Exercise goal: Within the records below, filter for lines carrying the word "that" and copy them.
*** Task data Section Begins ***
lemma dnorm2_avg_savic_next_le:
  fixes F :: "nat \<Rightarrow> real^'n \<Rightarrow> real" and Gr :: "nat \<Rightarrow> real^'n \<Rightarrow> real^'n"
  assumes M: "0 < M" and sc: "\<And>m. m < M \<Longrightarrow> sc_smooth \<mu> L (F m) (Gr m)"
    and \<mu>: "0 \<le> \<mu>" and L: "0 < L" and \<alpha>: "0 < \<alpha>" and D: "\<And>i. \<alpha> \<le> D $ i"
  shows "dnorm2 D (avg M (savic_next \<gamma> D M sync x (\<lambda>j. Gr j (x j))) - y)
    \<le> dnorm2 D (avg M x - y) - 2 * \<gamma> * ((avg M x - y) \<bullet> avg M (\<lambda>j. Gr j (x j)))
      + \<gamma>^2 / \<alpha> * (2 * L^2 * ((1 / real M) * (\<Sum>m<M. (norm (x m - avg M x))^2))
         + 8 * L * ((1 / real M) * (\<Sum>m<M. bregman (F m) (Gr m) (avg M x) y))
         + 4 / (real M)^2 * (norm (\<Sum>m<M. Gr m y))^2)"
proof -
  let ?g = "avg M (\<lambda>j. Gr j (x j))"
  have step: "avg M (savic_next \<gamma> D M sync x (\<lambda>j. Gr j (x j))) - y = (avg M x - y) - \<gamma> *\<^sub>R dinv D ?g"
    by (simp add: avg_savic_next[OF M] algebra_simps)
  have "dnorm2 D (avg M (savic_next \<gamma> D M sync x (\<lambda>j. Gr j (x j))) - y)
      \<le> dnorm2 D (avg M x - y) - 2 * \<gamma> * ((avg M x - y) \<bullet> ?g) + \<gamma>^2 / \<alpha> * (norm ?g)^2"
    unfolding step by (rule dnorm2_diff_dinv_le[OF \<alpha> D])
  moreover have "(norm ?g)^2 \<le> 2 * L^2 * ((1 / real M) * (\<Sum>m<M. (norm (x m - avg M x))^2))
         + 8 * L * ((1 / real M) * (\<Sum>m<M. bregman (F m) (Gr m) (avg M x) y))
         + 4 / (real M)^2 * (norm (\<Sum>m<M. Gr m y))^2"
    unfolding avg_def[of M "\<lambda>j. Gr j (x j)"] by (rule norm_avg_grad_power2_le[OF M sc \<mu> L])
  then have "\<gamma>^2 / \<alpha> * (norm ?g)^2 \<le> \<gamma>^2 / \<alpha> * (2 * L^2 * ((1 / real M) * (\<Sum>m<M. (norm (x m - avg M x))^2))
         + 8 * L * ((1 / real M) * (\<Sum>m<M. bregman (F m) (Gr m) (avg M x) y))
         + 4 / (real M)^2 * (norm (\<Sum>m<M. Gr m y))^2)"
    using \<alpha> by (intro mult_left_mono) auto
  ultimately show ?thesis by linarith
qed

lemma expected_dnorm2_avg_savic_next_le:
  fixes Dist :: "nat \<Rightarrow> 'z measure" and fz :: "nat \<Rightarrow> 'z \<Rightarrow> real^'n \<Rightarrow> real"
    and gz :: "nat \<Rightarrow> 'z \<Rightarrow> real^'n \<Rightarrow> real^'n"
    and fm :: "nat \<Rightarrow> real^'n \<Rightarrow> real" and Gm :: "nat \<Rightarrow> real^'n \<Rightarrow> real^'n"
  assumes M: "0 < M" and prob: "\<And>m. m < M \<Longrightarrow> prob_space (Dist m)"
    and int_f: "\<And>m x. m < M \<Longrightarrow> integrable (Dist m) (\<lambda>z. fz m z x)"
    and int_g2: "\<And>m x. m < M \<Longrightarrow> integrable (Dist m) (\<lambda>z. (norm (gz m z x))^2)"
    and fm_exp: "\<And>m x. m < M \<Longrightarrow> fm m x = (\<integral>z. fz m z x \<partial>Dist m)"
    and unbiased: "\<And>m x. m < M \<Longrightarrow> integrable (Dist m) (\<lambda>z. gz m z x) \<and> (\<integral>z. gz m z x \<partial>Dist m) = Gm m x"
    and fz_sc: "\<And>m. m < M \<Longrightarrow> AE z in Dist m. sc_smooth \<mu> L (fz m z) (gz m z)"
    and grad0: "(\<Sum>m<M. Gm m y) = 0"
    and \<mu>: "0 \<le> \<mu>" and L: "0 < L" and \<alpha>: "0 < \<alpha>" and D: "\<And>i. \<alpha> \<le> D $ i"
  shows "(\<integral>\<omega>. dnorm2 D (avg M (savic_next \<gamma> D M sync x (\<lambda>j. gz j (\<omega> j) (x j))) - y) \<partial>PiM {..<M} Dist)
    \<le> dnorm2 D (avg M x - y) - 2 * \<gamma> * ((avg M x - y) \<bullet> avg M (\<lambda>j. Gm j (x j)))
      + \<gamma>^2 / \<alpha> * (2 * L^2 * ((1 / real M) * (\<Sum>m<M. (norm (x m - avg M x))^2))
         + 8 * L * ((1 / real M) * (\<Sum>m<M. bregman (fm m) (Gm m) (avg M x) y))
         + 4 / (real M)^2 * (\<Sum>m<M. \<integral>z. (norm (gz m z y))^2 \<partial>Dist m))"
    (is "(\<integral>\<omega>. ?Z \<omega> \<partial>?P) \<le> ?A - 2 * \<gamma> * ?C + \<gamma>^2 / \<alpha> * (2 * L^2 * ?S + 8 * L * ?B + 4 / (real M)^2 * ?W)")
proof -
  have Dist_prob: "\<And>m. m \<in> {..<M} \<Longrightarrow> prob_space (Dist m)" using prob by blast
  interpret P: prob_space ?P by (rule prob_space_PiM[OF Dist_prob])
  define C where "C \<omega> = (1 / real M) * (\<Sum>m<M. (avg M x - y) \<bullet> gz m (\<omega> m) (x m))" for \<omega>
  define B where "B \<omega> = (1 / real M) * (\<Sum>m<M. bregman (fz m (\<omega> m)) (gz m (\<omega> m)) (avg M x) y)" for \<omega>
  define W where "W \<omega> = (norm (\<Sum>m<M. gz m (\<omega> m) y))^2" for \<omega>
  define R where "R \<omega> = ?A - 2 * \<gamma> * C \<omega> + \<gamma>^2 / \<alpha> * (2 * L^2 * ?S + 8 * L * B \<omega> + 4 / (real M)^2 * W \<omega>)"
    for \<omega>
  have "AE \<omega> in ?P. \<forall>m\<in>{..<M}. sc_smooth \<mu> L (fz m (\<omega> m)) (gz m (\<omega> m))"
    using AE_PiM_component[where I = "{..<M}" and M = Dist, OF Dist_prob] fz_sc
    by (intro eventually_ball_finite) auto
  then have Z_le_R: "AE \<omega> in ?P. ?Z \<omega> \<le> R \<omega>"
  proof eventually_elim
    case (elim \<omega>)
    then show ?case
      using dnorm2_avg_savic_next_le[OF M _ \<mu> L \<alpha> D, of "\<lambda>m. fz m (\<omega> m)" "\<lambda>m. gz m (\<omega> m)"]
      by (simp add: R_def C_def B_def W_def avg_def inner_sum_right)
  qed
  have Z_nonneg: "0 \<le> ?Z \<omega>" for \<omega>
    using dnorm2_ge[OF D] \<alpha> by (meson mult_nonneg_nonneg less_imp_le zero_le_power2 order_trans)
  have R_nonneg: "AE \<omega> in ?P. 0 \<le> R \<omega>"
    using Z_le_R by eventually_elim (rule order_trans[OF Z_nonneg])
  have C_int: "integrable (Dist m) (\<lambda>z. (avg M x - y) \<bullet> gz m z (x m))"
    and B_int: "integrable (Dist m) (\<lambda>z. bregman (fz m z) (gz m z) (avg M x) y)"
    if "m \<in> {..<M}" for m
    using int_f unbiased that by (auto simp: bregman_def)
  have C: "integrable ?P C" "(\<integral>\<omega>. C \<omega> \<partial>?P) = ?C"
    using integrable_PiM_sum_components[where I = "{..<M}" and N = Dist, OF Dist_prob finite_lessThan C_int]
      integral_PiM_sum_components[where I = "{..<M}" and N = Dist, OF Dist_prob finite_lessThan C_int]
      unbiased
    by (simp_all add: C_def[abs_def] avg_def inner_sum_right)
  have B: "integrable ?P B" "(\<integral>\<omega>. B \<omega> \<partial>?P) = ?B"
    using integrable_PiM_sum_components[where I = "{..<M}" and N = Dist, OF Dist_prob finite_lessThan B_int]
      integral_PiM_sum_components[where I = "{..<M}" and N = Dist, OF Dist_prob finite_lessThan B_int]
      int_f unbiased fm_exp
    by (simp_all add: B_def[abs_def] bregman_def)
  have "integrable (Dist m) (\<lambda>z. gz m z y)" "integrable (Dist m) (\<lambda>z. (norm (gz m z y))^2)"
    if "m \<in> {..<M}" for m
    using that unbiased int_g2 by auto
  moreover have "(\<Sum>m<M. \<integral>z. gz m z y \<partial>Dist m) = 0"
    using unbiased grad0 by simp
  ultimately have W: "integrable ?P W" "(\<integral>\<omega>. W \<omega> \<partial>?P) \<le> ?W"
    unfolding W_def[abs_def]
    by (intro integrable_PiM_norm_sum_power2[where I = "{..<M}" and N = Dist, OF Dist_prob]
        integral_PiM_norm_sum_power2_le[where I = "{..<M}" and N = Dist, OF Dist_prob]; simp)+
  have "(\<integral>\<omega>. ?Z \<omega> \<partial>?P) \<le> (\<integral>\<omega>. R \<omega> \<partial>?P)"
    using C(1) B(1) W(1) Z_le_R R_nonneg by (intro integral_mono_AE') (simp_all add: R_def)
  also have "\<dots> = ?A - 2 * \<gamma> * ?C + \<gamma>^2 / \<alpha> * (2 * L^2 * ?S + 8 * L * ?B + 4 / (real M)^2 * (\<integral>\<omega>. W \<omega> \<partial>?P))"
    using C B W(1) by (simp add: R_def P.prob_space)
  also have "\<dots> \<le> ?A - 2 * \<gamma> * ?C + \<gamma>^2 / \<alpha> * (2 * L^2 * ?S + 8 * L * ?B + 4 / (real M)^2 * ?W)"
    using W(2) \<alpha> by (intro add_left_mono mult_left_mono) auto
  finally show ?thesis .
qed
*** Task data Section Ends ***
Final answer:
    using int_f unbiased that by (auto simp: bregman_def)
    using that unbiased int_g2 by auto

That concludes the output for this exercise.